Remove Nth Node From End of List
题目:
Given a linked list, remove the nth node from the end of list and return its head.
For example,
Given linked list: 1->2->3->4->5, and n = 2.
After removing the second node from the end, the linked list becomes 1->2->3->5.
Note:
Given n will always be valid.
Try to do this in one pass.
题意:
单向链表,删除指定倒数第n个节点。
思路:
先计算链表节点的个数,然后通过计算找到将要删除的节点删除即可。

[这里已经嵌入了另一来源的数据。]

lemma lim_comparison_surj:
  assumes reg: "regular_ordinal r" and unc: "\<not> countable (Field r)" and od: "op_diagram r D M"
    and y: "y \<in> set_lim r (\<lambda>a. Tobj ar E (D a)) (\<lambda>a b. Tmap ar E (D a) (M a b))"
  shows "y \<in> lim_comparison ar E r D ` Tobj ar E (set_lim r D M)"
proof -
  let ?L = "set_lim r D M"
  obtain rep where rep: "\<And>a. a \<in> Field r \<Longrightarrow> rep a \<in> Tm ar (D a) \<and> y a = cls (D a) (rep a)"
    and compat: "\<And>a b. (a, b) \<in> r \<Longrightarrow> (rename_tm (M a b) (rep b), rep a) \<in> teq ar E (D a)"
    using set_lim_Tobj_representatives[OF od y] by blast
  have vars_rep: "vars_tm (rep a) \<subseteq> D a" if "a \<in> Field r" for a
    using rep[OF that] by (simp add: Tm_def)
  have vars_img: "M a b ` vars_tm (rep b) = vars_tm (rep a)" if "(a, b) \<in> r" for a b
    using teq_vars[OF compat[OF that]] by simp
  obtain a0 \<theta> where a0: "a0 \<in> Field r"
    and \<theta>: "\<And>v. v \<in> vars_tm (rep a0) \<Longrightarrow> \<theta> v \<in> ?L \<and> \<theta> v a0 = v"
    and \<theta>_above: "\<And>a v. (a0, a) \<in> r \<Longrightarrow> v \<in> vars_tm (rep a0) \<Longrightarrow> \<theta> v a \<in> vars_tm (rep a)"
    and \<theta>_M: "\<And>a w. (a0, a) \<in> r \<Longrightarrow> w \<in> vars_tm (rep a) \<Longrightarrow> \<theta> (M a0 a w) a = w"
    using set_lim_threads_eventually[OF reg unc od vars_rep finite_vars_tm vars_img] by blast
  define s where "s = rename_tm \<theta> (rep a0)"
  have s: "s \<in> Tm ar ?L" using rep[OF a0] \<theta> by (auto simp: s_def Tm_def)
  have y_a: "y a = cls (D a) (rename_tm (\<lambda>v. \<theta> v a) (rep a0))" if a: "a \<in> Field r" for a
  proof (cases "(a0, a) \<in> r")
    case True
    have "(\<lambda>v. \<theta> v a) ` vars_tm (rename_tm (M a0 a) (rep a)) \<subseteq> D a"
      using vars_img[OF True] \<theta>_above[OF True] vars_rep[OF a] by auto
    from teq_rename_on_vars[OF compat[OF True] this]
    have "(rename_tm (\<lambda>v. \<theta> v a) (rename_tm (M a0 a) (rep a)), rename_tm (\<lambda>v. \<theta> v a) (rep a0))
        \<in> teq ar E (D a)" .
    moreover have "rename_tm (\<lambda>v. \<theta> v a) (rename_tm (M a0 a) (rep a)) = rep a"
      by (simp add: \<theta>_M[OF True] tm.map_ident_strong)
    ultimately show ?thesis
      using rep[OF a] equiv_class_eq[OF equiv_teq] by simp
  next
    case False
    then have a_a0: "(a, a0) \<in> r"
      using reg a a0 by (meson wo_rel.TOTALS wo_rel.intro regular_ordinal_def limit_ordinal_def)
    have "\<theta> v a = M a a0 v" if "v \<in> vars_tm (rep a0)" for v
      using set_limD(2)[OF conjunct1[OF \<theta>[OF that]] a_a0] \<theta>[OF that] by simp
    then have "rename_tm (\<lambda>v. \<theta> v a) (rep a0) = rename_tm (M a a0) (rep a0)"
      by (intro tm.map_cong0) auto
    also have "cls (D a) \<dots> = Tmap ar E (D a) (M a a0) (y a0)"
      using rep[OF a0] od a_a0 by (simp add: Tmap_cls op_diagram_def image_subset_iff)
    also have "\<dots> = y a"
      using set_limD(2)[OF y a_a0] .
    finally show ?thesis by simp
  qed
  have "y = lim_comparison ar E r D (cls ?L s)"
    by (rule lim_comparison_eqI[OF y s]) (simp add: s_def y_a)
  then show ?thesis using cls_in_Tobj[OF s] by blast
qed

注意的就是链表为空的情况和删除头节点的情况。
/**
* Definition for singly-linked list.
* struct ListNode {
* int val;
* ListNode *next;
* ListNode(int x) : val(x), next(NULL) {}
* };
*/
class Solution {
public:
ListNode* removeNthFromEnd(ListNode* head, int n) {
//链表为空的情况
if(head == NULL){
return head;
}
int cnt = 0;
ListNode *p = head;
ListNode *q = head;
//计数
while(p != NULL){
++cnt;
p = p->next;
}
//找要删除的节点的前一个节点,方便删除指定节点
for(int i = 0; i < cnt-n-1; ++i){
q = q->next;
}
//如果删除的是首节点的情况
if(n == cnt){
return head->next;
}
ListNode *temp;
temp = q->next;
q->next = temp->next;
free(temp);
return head;
}
};